Following a GPU-centric approach, we want here to control the local dimension of the grid, nxy_l
hereafter, to ensure optimal execution on a single GPU. We thus need to reconstruct the global grid dimensions dims_g
based on the MPI topology and the local grid dimensions dims_l
:
@views function main(backend=CPU(); nxy_l=(126, 126))
# After: geometry
dims_l = nxy_l
dims_g = dims_l .* dims(topo)
nx, ny = dims_g
grid = UniformGrid(arch; origin=(-2, -2), extent=(4, 4), dims=dims_g)

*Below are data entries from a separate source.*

lemma mod_mass_bounds:
  fixes Ke Me :: "real^'m^'m" and u :: "nat \<Rightarrow> real^'m" and r :: nat
  defines "\<rho> \<equiv> gev Ke Me CARD('m) / gev Ke Me (CARD('m) - r)"
  assumes symK: "sym_mat Ke" and pdM: "pd_mat Me" and r: "r < CARD('m)"
    and pos: "0 < gev Ke Me (CARD('m) - r)"
    and orth: "\<And>j k. j \<in> {1..r} \<Longrightarrow> k \<in> {1..r} \<Longrightarrow> u j \<bullet> (Me *v u k) = (if j = k then 1 else 0)"
  shows "sym_mat (mod_mass Ke Me r u)"
    and "y \<bullet> (Me *v y) \<le> y \<bullet> (mod_mass Ke Me r u *v y)"
    and "y \<bullet> (mod_mass Ke Me r u *v y) \<le> \<rho> * (y \<bullet> (Me *v y))"
proof -
  define g where "g k = gev Ke Me (CARD('m) - r + k) / gev Ke Me (CARD('m) - r) - 1" for k
  define c where "c k = u k \<bullet> (Me *v y)" for k
  have symM: "sym_mat Me" using pdM by (simp add: pd_mat_def)
  show "sym_mat (mod_mass Ke Me r u)"
    using symM unfolding mod_mass_def sym_mat_def
    by (simp add: vec_eq_iff transpose_def outer_def mult.commute)
  have quad: "y \<bullet> (mod_mass Ke Me r u *v y) = y \<bullet> (Me *v y) + (\<Sum>k\<in>{1..r}. g k * (c k)\<^sup>2)"
    unfolding g_def c_def by (rule quad_form_mod_mass[OF symM])
  have g: "0 \<le> g k \<and> g k \<le> \<rho> - 1" if "k \<in> {1..r}" for k
  proof -
    have "gev Ke Me (CARD('m) - r) \<le> gev Ke Me (CARD('m) - r + k)"
      and "gev Ke Me (CARD('m) - r + k) \<le> gev Ke Me CARD('m)"
      using that r by (auto intro: gev_mono[OF symK pdM])
    then show ?thesis using pos unfolding g_def \<rho>_def by (simp add: le_divide_eq divide_right_mono)
  qed
  have "gev Ke Me (CARD('m) - r) \<le> gev Ke Me CARD('m)" using r by (intro gev_mono[OF symK pdM]) auto
  then have rho: "1 \<le> \<rho>" using pos unfolding \<rho>_def by (simp add: le_divide_eq)
  have "0 \<le> (\<Sum>k\<in>{1..r}. g k * (c k)\<^sup>2)" using g by (intro sum_nonneg) simp
  then show "y \<bullet> (Me *v y) \<le> y \<bullet> (mod_mass Ke Me r u *v y)" unfolding quad by simp
  have "(\<Sum>k\<in>{1..r}. g k * (c k)\<^sup>2) \<le> (\<rho> - 1) * (\<Sum>k\<in>{1..r}. (c k)\<^sup>2)"
    unfolding sum_distrib_left using g by (intro sum_mono mult_right_mono) auto
  also have "\<dots> \<le> (\<rho> - 1) * (y \<bullet> (Me *v y))"
    using rho M_orthonormal_bessel[OF pd_mat_imp_psd_mat[OF pdM] _ orth, of "{1..r}"] unfolding c_def
    by (intro mult_left_mono) auto
  finally show "y \<bullet> (mod_mass Ke Me r u *v y) \<le> \<rho> * (y \<bullet> (Me *v y))"
    unfolding quad by (simp add: algebra_simps)
qed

launch = Launcher(arch, grid, outer_width=(16, 8))
# ...
end
main(; nxy_l=(128, 128) .- 2)
Here, dims_g
represents the global dimensions of the grid, which is obtained by multiplying the local grid dimensions dims_l
by the MPI topology dimensions. The outer_width
parameter specifies the number of grid points that constitute the boundary region of each local grid. This approach is used to perform asynchronous computations on each local domain and to overlap boundary conditions computations (including MPI communication) with inner point computations. This allows to hide MPI communication latency overlapping communication and computations.
Avoid Redundant I/O Operations
Previously, for a single process, we can simply print out any information during the code execution, whether it is the value of some physical properties that we want to monitor about or the current number of iterations during the simulation.

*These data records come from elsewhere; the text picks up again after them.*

lemma nearest_point_exists:
  fixes M :: "'a::chilbert_space set"
  assumes "closed M" and "convex M" and "M \<noteq> {}"
  shows "\<exists>y\<in>M. \<forall>w\<in>M. norm (x - y) \<le> norm (x - w)"
proof -
  define d where "d = Inf ((\<lambda>w. norm (x - w)) ` M)"
  have bdd: "bdd_below ((\<lambda>w. norm (x - w)) ` M)" by (rule bdd_belowI[of _ 0]) auto
  have d_le: "d \<le> norm (x - w)" if "w \<in> M" for w
    unfolding d_def using bdd that by (auto intro: cInf_lower)
  have d0: "0 \<le> d" unfolding d_def using \<open>M \<noteq> {}\<close> by (auto intro: cInf_greatest)
  have "\<exists>w\<in>M. (norm (x - w))\<^sup>2 < d\<^sup>2 + inverse (real (Suc n))" for n
  proof -
    define r where "r = sqrt (d\<^sup>2 + inverse (real (Suc n)))"
    have "d < r" unfolding r_def using d0 by (simp add: real_less_rsqrt)
    then obtain w where "w \<in> M" "norm (x - w) < r"
      using cInf_lessD[of "(\<lambda>w. norm (x - w)) ` M" r] \<open>M \<noteq> {}\<close> unfolding d_def by auto
    moreover have "0 \<le> d\<^sup>2 + inverse (real (Suc n))" by simp
    ultimately show ?thesis unfolding r_def by (metis norm_ge_zero real_less_rsqrt real_sqrt_less_iff
      real_sqrt_pow2_iff real_sqrt_abs abs_norm_cancel)
  qed
  then obtain m where mM: "\<And>n. m n \<in> M"
    and m: "\<And>n. (norm (x - m n))\<^sup>2 < d\<^sup>2 + inverse (real (Suc n))"
    by metis
  have "Cauchy m"
    using minimizing_sequence_Cauchy[OF \<open>convex M\<close> mM d_le d0 m] .
  then obtain y where lim: "m \<longlonglongrightarrow> y" using Cauchy_convergent_iff convergent_def by blast
  have "y \<in> M" using \<open>closed M\<close> mM lim closed_sequentially by blast
  have "(\<lambda>n. (norm (x - m n))\<^sup>2) \<longlonglongrightarrow> (norm (x - y))\<^sup>2"
    by (intro tendsto_intros lim)
  moreover have "(\<lambda>n. d\<^sup>2 + inverse (real (Suc n))) \<longlonglongrightarrow> d\<^sup>2 + 0"
    by (intro tendsto_intros LIMSEQ_inverse_real_of_nat)
  ultimately have "(norm (x - y))\<^sup>2 \<le> d\<^sup>2"
    using m by (auto intro: LIMSEQ_le less_imp_le)
  then have "norm (x - y) \<le> d" using d0 by (simp add: power2_le_iff_abs_le)
  then show ?thesis using \<open>y \<in> M\<close> d_le by force
qed

lemma projection_exists:
  fixes M :: "'a::chilbert_space set"
  assumes "closed_csubspace M"
  shows "\<exists>y\<in>M. x - y \<in> orthogonal_complement M"
proof -
  have sub: "csubspace M" and "closed M" using assms by (auto simp: closed_csubspace_def)
  then have "M \<noteq> {}" by (auto simp: csubspace_iff)
  then obtain y where "y \<in> M" and y: "\<And>w. w \<in> M \<Longrightarrow> norm (x - y) \<le> norm (x - w)"
    using nearest_point_exists[OF \<open>closed M\<close> csubspace_convex[OF sub]] by blast
  have "cinner w (x - y) = 0" if "w \<in> M" for w
  proof (rule orthogonal_if_nearest)
    fix t
    have "y + t *\<^sub>C w \<in> M" using sub \<open>y \<in> M\<close> that by (simp add: csubspace_iff)
    from y[OF this] have "norm (x - y) \<le> norm (x - y - t *\<^sub>C w)"
      by (simp add: diff_diff_add)
    then show "(norm (x - y))\<^sup>2 \<le> (norm (x - y - t *\<^sub>C w))\<^sup>2"
      by (simp add: power_mono)
  qed
  then show ?thesis using \<open>y \<in> M\<close> unfolding orthogonal_complement_def by blast
qed

lemma oproj_props:
  fixes K :: "'a::chilbert_space set"
  assumes K: "closed_csubspace K"
  shows "oproj K x \<in> K" and "x - oproj K x \<in> orthogonal_complement K"
proof -
  have sub: "csubspace K" using K by (simp add: closed_csubspace_def)
  obtain y where y: "y \<in> K" "x - y \<in> orthogonal_complement K" using projection_exists[OF K] by blast
  have unique: "z = y" if z: "z \<in> K" "x - z \<in> orthogonal_complement K" for z
  proof -
    have "z - y \<in> K" using y z csubspace_diff[OF sub] by blast
    moreover have "(x - y) - (x - z) \<in> orthogonal_complement K"
      using csubspace_diff[OF csubspace_orthogonal_complement y(2) z(2)] .
    then have "z - y \<in> orthogonal_complement K" by simp
    ultimately have "cinner (z - y) (z - y) = 0"
      unfolding orthogonal_complement_def by blast
    then show "z = y" by (metis cinner_self_eq_zero right_minus_eq)
  qed
  have "oproj K x = y" unfolding oproj_def using y unique by (intro the_equality) blast+
  then show "oproj K x \<in> K" and "x - oproj K x \<in> orthogonal_complement K" using y by simp_all
qed

lemma oproj_id:
  fixes K :: "'a::chilbert_space set"
  assumes K: "closed_csubspace K" and "v \<in> K"
  shows "oproj K v = v"
proof -
  have "v - oproj K v \<in> K"
    using K \<open>v \<in> K\<close> oproj_props(1)[OF K] csubspace_diff by (auto simp: closed_csubspace_def)
  then have "cinner (v - oproj K v) (v - oproj K v) = 0"
    using oproj_props(2)[OF K, of v] by (simp add: orthogonal_complement_def)
  then show ?thesis by (metis cinner_self_eq_zero right_minus_eq)
qed

lemma cinner_oproj_right:
  fixes K :: "'a::chilbert_space set"
  assumes K: "closed_csubspace K" and "z \<in> K"
  shows "cinner z (oproj K y) = cinner z y"
  using oproj_props(2)[OF K, of y] \<open>z \<in> K\<close>
  by (simp add: orthogonal_complement_def cinner_diff_right)

lemma cinner_oproj_left:
  fixes K :: "'a::chilbert_space set"
  assumes K: "closed_csubspace K" and "w \<in> K"
  shows "cinner (oproj K y) w = cinner y w"
  using cinner_oproj_right[OF assms, of y] by (metis cinner_commute)

text \<open>A closed subspace is its own double orthogonal complement.\<close>
lemma orthogonal_complement_perp_iff:
  fixes K :: "'a::chilbert_space set"
  assumes K: "closed_csubspace K"
  shows "(\<forall>x\<in>orthogonal_complement K. cinner x v = 0) \<longleftrightarrow> v \<in> K"
proof
  assume perp: "\<forall>x\<in>orthogonal_complement K. cinner x v = 0"
  let ?p = "oproj K v"
  have p: "?p \<in> K" "v - ?p \<in> orthogonal_complement K" using oproj_props[OF K] by auto
  have "cinner (v - ?p) v = 0" using perp p by blast
  moreover have "cinner (v - ?p) ?p = 0"
    using p cinner_eq_zero_sym unfolding orthogonal_complement_def by blast
  ultimately have "cinner (v - ?p) (v - ?p) = 0" by (simp add: cinner_diff_right)
  then show "v \<in> K" using p(1) by (metis cinner_self_eq_zero right_minus_eq)
next
  assume "v \<in> K"
  then show "\<forall>x\<in>orthogonal_complement K. cinner x v = 0"
    unfolding orthogonal_complement_def by (metis (mono_tags) cinner_eq_zero_sym mem_Collect_eq)
qed

section \<open>Density criterion\<close>

lemma closure_cspan_eq_iff:
  fixes Q :: "'a::chilbert_space set"
  assumes Q: "closed_csubspace Q"
  shows "closure (cspan S) = Q \<longleftrightarrow> S \<subseteq> Q \<and> (\<forall>h\<in>Q. (\<forall>s\<in>S. cinner s h = 0) \<longrightarrow> h = 0)"
proof
  assume eq: "closure (cspan S) = Q"
  have "h = 0" if "h \<in> Q" "\<forall>s\<in>S. cinner s h = 0" for h
  proof -
    have "cspan S \<subseteq> {y. cinner y h = 0}"
      using that(2) csubspace_orthogonal_to by (intro cspan_minimal) auto
    then have "closure (cspan S) \<subseteq> {y. cinner y h = 0}"
      using closed_orthogonal_to by (rule closure_minimal)
    then have "cinner h h = 0" using eq that(1) by blast
    then show "h = 0" by (simp add: cinner_self_eq_zero)
  qed
  then show "S \<subseteq> Q \<and> (\<forall>h\<in>Q. (\<forall>s\<in>S. cinner s h = 0) \<longrightarrow> h = 0)"
    using eq cspan_superset closure_subset by blast
next
  assume a: "S \<subseteq> Q \<and> (\<forall>h\<in>Q. (\<forall>s\<in>S. cinner s h = 0) \<longrightarrow> h = 0)"
  have Qs: "csubspace Q" and "closed Q" using Q by (auto simp: closed_csubspace_def)
  have "cspan S \<subseteq> Q" using a Qs by (intro cspan_minimal) auto
  then have sub: "closure (cspan S) \<subseteq> Q" using \<open>closed Q\<close> by (rule closure_minimal)
  have "q \<in> closure (cspan S)" if "q \<in> Q" for q
  proof -
    have "closed_csubspace (closure (cspan S))"
      by (simp add: closed_csubspace_def closure_csubspace csubspace_cspan)
    from projection_exists[OF this, of q] obtain c where c: "c \<in> closure (cspan S)"
      "q - c \<in> orthogonal_complement (closure (cspan S))" by blast
    have "q - c \<in> Q" using that c sub csubspace_diff[OF Qs] by blast
    moreover have "\<forall>s\<in>S. cinner s (q - c) = 0"
      using c(2) cspan_superset closure_subset unfolding orthogonal_complement_def by blast
    ultimately have "q - c = 0" using a by blast
    then show ?thesis using c by simp
  qed
  then show "closure (cspan S) = Q" using sub by blast
qed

# Before: prints out current no. iteration on a single node
@printf("it = %d/%d \n", it, nt)
In a distributed setup, on the other hand, all MPI processes execute the same code and would have displayed the same line with this statement. In order to prevent this redundancy, we utilise the unique process ID to determine whether the process that is currently running is the one that we have assigned to handle the I/O task.

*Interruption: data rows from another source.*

lemma join_cover_append:
  assumes "f ` X \<subseteq> X" "E1 \<in> join_cover f X U n" "E2 \<in> join_cover f X U m"
  shows "{z \<in> E1. (f ^^ n) z \<in> E2} \<in> join_cover f X U (n + m)"
proof -
  obtain s1 where s1: "\<forall>i<n. s1 i \<in> U" "E1 = {z \<in> X. \<forall>i<n. (f ^^ i) z \<in> s1 i}"
    using assms(2) unfolding mem_join_cover_iff by blast
  obtain s2 where s2: "\<forall>i<m. s2 i \<in> U" "E2 = {z \<in> X. \<forall>i<m. (f ^^ i) z \<in> s2 i}"
    using assms(3) unfolding mem_join_cover_iff by blast
  define s where "s i = (if i < n then s1 i else s2 (i - n))" for i
  have "(\<forall>i<n + m. (f ^^ i) z \<in> s i) \<longleftrightarrow>
        (\<forall>i<n. (f ^^ i) z \<in> s1 i) \<and> (\<forall>i<m. (f ^^ i) ((f ^^ n) z) \<in> s2 i)" for z
    unfolding all_less_add_iff by (simp add: s_def funpow_add)
  then have "{z \<in> E1. (f ^^ n) z \<in> E2} = {z \<in> X. \<forall>i<n + m. (f ^^ i) z \<in> s i}"
    unfolding s1(2) s2(2) using funpow_mem_if_image_subset[OF assms(1)] by blast
  moreover have "\<forall>i<n + m. s i \<in> U" using s1(1) s2(1) unfolding s_def by auto
  ultimately show ?thesis unfolding mem_join_cover_iff by blast
qed

lemma cover_num_le_card:
  "W \<subseteq> V \<Longrightarrow> finite W \<Longrightarrow> X \<subseteq> \<Union>W \<Longrightarrow> cover_num X V \<le> card W"
  unfolding cover_num_def by (rule Least_le) blast

lemma obtain_minimal_subcover:
  assumes "finite V" "X \<subseteq> \<Union>V"
  obtains W where "W \<subseteq> V" "finite W" "card W = cover_num X V" "X \<subseteq> \<Union>W"
proof -
  have "\<exists>k W. W \<subseteq> V \<and> finite W \<and> card W = k \<and> X \<subseteq> \<Union>W" using assms by blast
  then have "\<exists>W. W \<subseteq> V \<and> finite W \<and> card W = cover_num X V \<and> X \<subseteq> \<Union>W"
    unfolding cover_num_def by (rule LeastI_ex)
  then show ?thesis using that by blast
qed

lemma cover_num_pos:
  assumes "finite V" "X \<subseteq> \<Union>V" "X \<noteq> {}"
  shows "cover_num X V > 0"
proof -
  obtain W where "W \<subseteq> V" "finite W" "card W = cover_num X V" "X \<subseteq> \<Union>W"
    using obtain_minimal_subcover[OF assms(1,2)] .
  then show ?thesis using assms(3) by (metis Union_empty card_gt_0_iff subset_empty)
qed

lemma cover_num_join_cover_submult:
  assumes "f ` X \<subseteq> X" "finite U" "X \<subseteq> \<Union>U"
  shows "cover_num X (join_cover f X U (n + m)) \<le>
         cover_num X (join_cover f X U n) * cover_num X (join_cover f X U m)"
proof -
  let ?J = "join_cover f X U"
  have fin: "finite (?J k)" and cv: "X \<subseteq> \<Union>(?J k)" for k
    using finite_join_cover[OF assms(2)] join_cover_covers[OF assms(1,3)] by auto
  obtain W1 where W1: "W1 \<subseteq> ?J n" "finite W1" "card W1 = cover_num X (?J n)" "X \<subseteq> \<Union>W1"
    using obtain_minimal_subcover[OF fin cv] .
  obtain W2 where W2: "W2 \<subseteq> ?J m" "finite W2" "card W2 = cover_num X (?J m)" "X \<subseteq> \<Union>W2"
    using obtain_minimal_subcover[OF fin cv] .
  define C where "C = (\<lambda>(E1, E2). {z \<in> E1. (f ^^ n) z \<in> E2})"
  have "C ` (W1 \<times> W2) \<subseteq> ?J (n + m)"
    using W1(1) W2(1) by (auto simp: C_def intro!: join_cover_append[OF assms(1)])
  moreover have "X \<subseteq> \<Union>(C ` (W1 \<times> W2))"
  proof
    fix z assume z: "z \<in> X"
    obtain E1 where "E1 \<in> W1" "z \<in> E1" using W1(4) z by blast
    moreover obtain E2 where "E2 \<in> W2" "(f ^^ n) z \<in> E2"
      using W2(4) funpow_mem_if_image_subset[OF assms(1) z] by blast
    ultimately show "z \<in> \<Union>(C ` (W1 \<times> W2))" unfolding C_def by blast
  qed
  ultimately have "cover_num X (?J (n + m)) \<le> card (C ` (W1 \<times> W2))"
    using W1(2) W2(2) by (intro cover_num_le_card) auto
  also have "\<dots> \<le> card W1 * card W2"
    using card_image_le[of "W1 \<times> W2" C] W1(2) W2(2) by (simp add: card_cartesian_product)
  finally show ?thesis using W1(3) W2(3) by simp
qed

text \<open>\<open>cover_entropy\<close> is defined by \<open>lim\<close>, which is only meaningful because the sequence
  converges (Fekete's lemma).\<close>
lemma cover_entropy_tendsto:
  assumes "f ` X \<subseteq> X" "finite U" "X \<subseteq> \<Union>U" "X \<noteq> {}"
  shows "(\<lambda>n. ln (real (cover_num X (join_cover f X U n))) / real n) \<longlonglongrightarrow> cover_entropy f X U"
proof -
  define N where "N n = real (cover_num X (join_cover f X U n))" for n
  have N_ge1: "N n \<ge> 1" for n
    unfolding N_def using cover_num_pos[OF finite_join_cover[OF assms(2)] join_cover_covers[OF assms(1,3)] assms(4)]
    by (simp add: Suc_le_eq)
  have "ln (N (m + n)) \<le> ln (N m) + ln (N n)" for m n
  proof -
    have "N (m + n) \<le> N m * N n"
      unfolding N_def using cover_num_join_cover_submult[OF assms(1-3)] by (metis of_nat_le_iff of_nat_mult)
    then have "ln (N (m + n)) \<le> ln (N m * N n)" using N_ge1[of "m + n"] by simp
    also have "\<dots> = ln (N m) + ln (N n)" using N_ge1[of m] N_ge1[of n] by (simp add: ln_mult)
    finally show ?thesis .
  qed
  moreover have "ln (N n) \<ge> 0" for n using N_ge1[of n] by simp
  ultimately have "convergent (\<lambda>n. ln (N n) / real n)" by (rule subadditive_convergent_div)
  then show ?thesis unfolding cover_entropy_def N_def by (simp add: convergent_LIMSEQ_iff)
qed

lemma is_chain_append:
  assumes c: "is_chain f S \<delta> k c" and d: "is_chain f S \<delta> l d" and "c k = d 0"
  shows "is_chain f S \<delta> (k + l) (\<lambda>i. if i \<le> k then c i else d (i - k))"
  unfolding is_chain_def
proof (intro conjI allI impI)
  show "1 \<le> k + l" using c unfolding is_chain_def by simp
  show "(if i \<le> k then c i else d (i - k)) \<in> S" if "i \<le> k + l" for i
    using c d that unfolding is_chain_def by auto
  fix i assume i: "i < k + l"
  consider "Suc i \<le> k" | "i = k" | "k < i" by linarith
  then show "dist (f (if i \<le> k then c i else d (i - k)))
      (if Suc i \<le> k then c (Suc i) else d (Suc i - k)) \<le> \<delta>"
  proof cases
    case 3
    then have "i - k < l" "Suc i - k = Suc (i - k)" using i by auto
    then show ?thesis using 3 d unfolding is_chain_def by auto
  qed (use c d \<open>c k = d 0\<close> in \<open>auto simp: is_chain_def\<close>)
qed

lemma chain_equiv_chains_same_length:
  assumes "chain_equiv f X x y" "\<delta> > 0"
  obtains L where "L > 0" "\<forall>u v. \<exists>c. is_chain f (chain_recurrent_set f X) \<delta> L c \<and>
           c 0 = (if u then y else x) \<and> c L = (if v then y else x)"
proof -
  let ?ch = "is_chain f (chain_recurrent_set f X) \<delta>"
  obtain m N where "m > 0" "N > 0" and H: "\<And>n. n \<ge> N \<Longrightarrow>
      (\<exists>c. ?ch (m * n) c \<and> c 0 = x \<and> c (m * n) = y) \<and> (\<exists>c. ?ch (m * n) c \<and> c 0 = y \<and> c (m * n) = x)"
    using assms unfolding chain_equiv_def by meson
  obtain c1 where c1: "?ch (m * N) c1" "c1 0 = x" "c1 (m * N) = y" using H[of N] by auto
  obtain c2 where c2: "?ch (m * N) c2" "c2 0 = y" "c2 (m * N) = x" using H[of N] by auto
  obtain c3 where c3: "?ch (m * (2 * N)) c3" "c3 0 = x" "c3 (m * (2 * N)) = y" using H[of "2 * N"] by auto
  obtain c4 where c4: "?ch (m * (2 * N)) c4" "c4 0 = y" "c4 (m * (2 * N)) = x" using H[of "2 * N"] by auto
  \<comment> \<open>Chains x to y and y to x of length \<open>L\<close> come directly from \<open>n = 2 N\<close>; loops at x and at y
    of length \<open>L\<close> are two chains of length \<open>m N\<close> glued together.\<close>
  define L where "L = m * (2 * N)"
  have L: "L = m * N + m * N" "m * N < L" unfolding L_def using \<open>m > 0\<close> \<open>N > 0\<close> by auto
  have xx: "\<exists>c. ?ch L c \<and> c 0 = x \<and> c L = x"
    using is_chain_append[OF c1(1) c2(1)] c1 c2 L
    by (intro exI[of _ "\<lambda>i. if i \<le> m * N then c1 i else c2 (i - m * N)"]) auto
  have yy: "\<exists>c. ?ch L c \<and> c 0 = y \<and> c L = y"
    using is_chain_append[OF c2(1) c1(1)] c1 c2 L
    by (intro exI[of _ "\<lambda>i. if i \<le> m * N then c2 i else c1 (i - m * N)"]) auto
  have "\<exists>c. ?ch L c \<and> c 0 = (if u then y else x) \<and> c L = (if v then y else x)" for u v
    using xx yy c3 c4 unfolding L_def by (cases u; cases v) auto
  then show ?thesis using L(2) that[of L] by simp
qed

lemma pseudo_orbit_from_chains:
  assumes "L > 0" and B: "\<And>u v. is_chain f S \<delta> L (B u v) \<and> B u v 0 = pt u \<and> B u v L = pt v"
  shows "\<exists>p. (\<forall>i. p i \<in> S) \<and> (\<forall>i. dist (f (p i)) (p (Suc i)) \<le> \<delta>) \<and> (\<forall>j. p (j * L) = pt (w j))"
proof -
  define p where "p t = B (w (t div L)) (w (Suc (t div L))) (t mod L)" for t
  have p: "p (j * L + r) = B (w j) (w (Suc j)) r" if "r < L" for j r
    unfolding p_def using that by simp
  have "p t \<in> S" for t
    unfolding p_def using B \<open>L > 0\<close> unfolding is_chain_def by (simp add: order_less_imp_le)
  moreover have "dist (f (p t)) (p (Suc t)) \<le> \<delta>" for t
  proof -
    define j r where "j = t div L" and "r = t mod L"
    have t: "t = j * L + r" and "r < L" unfolding j_def r_def using \<open>L > 0\<close> by simp_all
    have "Suc r \<le> L" using \<open>r < L\<close> by simp
    moreover have "p (Suc t) = B (w j) (w (Suc j)) (Suc r)"
    proof (cases "Suc r < L")
      case True then show ?thesis using p[OF True] t by simp
    next
      case False
      then have "Suc r = L" "Suc t = Suc j * L + 0" using t \<open>r < L\<close> by simp_all
      then have "p (Suc t) = pt (w (Suc j))" using p[OF \<open>L > 0\<close>, of "Suc j"] B by simp
      also have "\<dots> = B (w j) (w (Suc j)) (Suc r)"
        using B[of "w j" "w (Suc j)"] by (simp add: \<open>Suc r = L\<close>[symmetric])
      finally show ?thesis .
    qed
    ultimately show ?thesis using B[of "w j" "w (Suc j)"] p[OF \<open>r < L\<close>] t unfolding is_chain_def by simp
  qed
  moreover have "p (j * L) = pt (w j)" for j using p[OF \<open>L > 0\<close>, of j] B by simp
  ultimately show ?thesis by blast
qed

lemma shadowing_orbit_follows_word:
  assumes "has_shadowing f (chain_recurrent_set f X)" "chain_equiv f X x y" "\<epsilon> > 0"
  obtains L where "L > 0" "\<forall>w. \<exists>z\<in>X. \<forall>j. (f ^^ (j * L)) z \<in> ball (if w j then y else x) \<epsilon>"
proof -
  let ?CR = "chain_recurrent_set f X"
  obtain \<delta> where "\<delta> > 0" and shadow: "\<forall>p. (\<forall>i. p i \<in> ?CR) \<and> (\<forall>i. dist (f (p i)) (p (Suc i)) \<le> \<delta>) \<longrightarrow>
      (\<exists>z\<in>?CR. \<forall>i. dist ((f ^^ i) z) (p i) \<le> \<epsilon> / 2)"
    using assms(1)[unfolded has_shadowing_def, rule_format, OF half_gt_zero[OF \<open>\<epsilon> > 0\<close>]] by blast
  obtain L where "L > 0" and chains: "\<forall>u v. \<exists>c. is_chain f ?CR \<delta> L c \<and>
      c 0 = (if u then y else x) \<and> c L = (if v then y else x)"
    by (rule chain_equiv_chains_same_length[OF assms(2) \<open>\<delta> > 0\<close>])
  define B where "B u v = (SOME c. is_chain f ?CR \<delta> L c \<and>
      c 0 = (if u then y else x) \<and> c L = (if v then y else x))" for u v
  have B: "is_chain f ?CR \<delta> L (B u v) \<and> B u v 0 = (if u then y else x) \<and> B u v L = (if v then y else x)"
    for u v unfolding B_def by (rule someI_ex[OF chains[rule_format]])
  have "\<exists>z\<in>X. \<forall>j. (f ^^ (j * L)) z \<in> ball (if w j then y else x) \<epsilon>" for w
  proof -
    obtain p where p: "\<forall>i. p i \<in> ?CR" "\<forall>i. dist (f (p i)) (p (Suc i)) \<le> \<delta>"
        "\<forall>j. p (j * L) = (if w j then y else x)"
      using pseudo_orbit_from_chains[where pt = "\<lambda>u. if u then y else x" and w = w, OF \<open>L > 0\<close> B] by blast
    obtain z where z: "z \<in> ?CR" "\<forall>i. dist ((f ^^ i) z) (p i) \<le> \<epsilon> / 2"
      using shadow p(1,2) by blast
    have "(f ^^ (j * L)) z \<in> ball (if w j then y else x) \<epsilon>" for j
    proof -
      have "dist ((f ^^ (j * L)) z) (if w j then y else x) \<le> \<epsilon> / 2" using z(2) p(3) by metis
      then show ?thesis using \<open>\<epsilon> > 0\<close> by (simp add: dist_commute)
    qed
    moreover have "z \<in> X" using z(1) unfolding chain_recurrent_set_def by blast
    ultimately show ?thesis by blast
  qed
  then show ?thesis using that \<open>L > 0\<close> by blast
qed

# After: specifying only process with ID == 0 to perform I/O operations
(me==0) && @printf("it = %d/%d \n", it, nt)
Data Gathering for Visualisation
Not addressing parallel I/O here, we want to visualise the field C
. With MPI we've split up C
across various distributed processes. Each process handles a portion of the computation, leading to the necessity of data gathering for visualisation. Let us define a global array C_v
on the "master" MPI process with unique process ID equals zero (me==0
) that should gather all data from other MPI processes to later perform visualisation. Note the the global size of C_v
being interior(C)) .* dims(topo)
.
C_v = (me==0) ? KernelAbstractions.zeros(CPU(), Float64, size(interior(C)) .* dims(topo)) : nothing
We use gather!(arch, C_v, C)
to explicitly perform a data synchronisation and collect local values of C
that are decomposed into different arrays stored in the memory space of other MPI processes. And similar to the @printf
example above, only our master MPI process performs the visualisation.
# Before: local postprocess
# plt[3] = interior(C) |> Array
# ax.title = "it = $nt"
# display(fig)
# save("out$me.png", fig)
# After: global postprocess
gather!(arch, C_v, C)
if me == 0
fig = Figure(; size=(400, 320))
ax = Axis(fig[1, 1]; aspect=DataAspect(), xlabel="x", ylabel="y", title="it = 0")
plt = heatmap!(ax, C_v; colormap=:turbo)
Colorbar(fig[1, 2], plt)
save("out_gather_$nx.png", fig)
end
Finalise MPI
At the very end of the program, we need to call MPI.Finalize()
to clean up the MPI state.
MPI.Finalize()
Running a Julia MPI code on a single process within the REPL (for e.g. development purpose) will require to terminate the Julia session upon MPI finalisation. Simply omitting MPI.Finalize()
will allow for repeated execution of the code.
Run the simulation on an MPI-parallel machine
If you want to run this on multiple MPI processes, you will need to setup the MPI.jl package, such that mpiexecjl
is created on the command line. You can then run it on, e.g., 4 MPI ranks (processes) with:
mpiexecjl -n 4 --project=. julia diffusion_2d_mpi.jl
Note that we need not to do any changes for defining or launching kernels, as they are already MPI-compatible and need no further modification. The full code of the tutorial material is available under diffusion_2d_mpi.jl.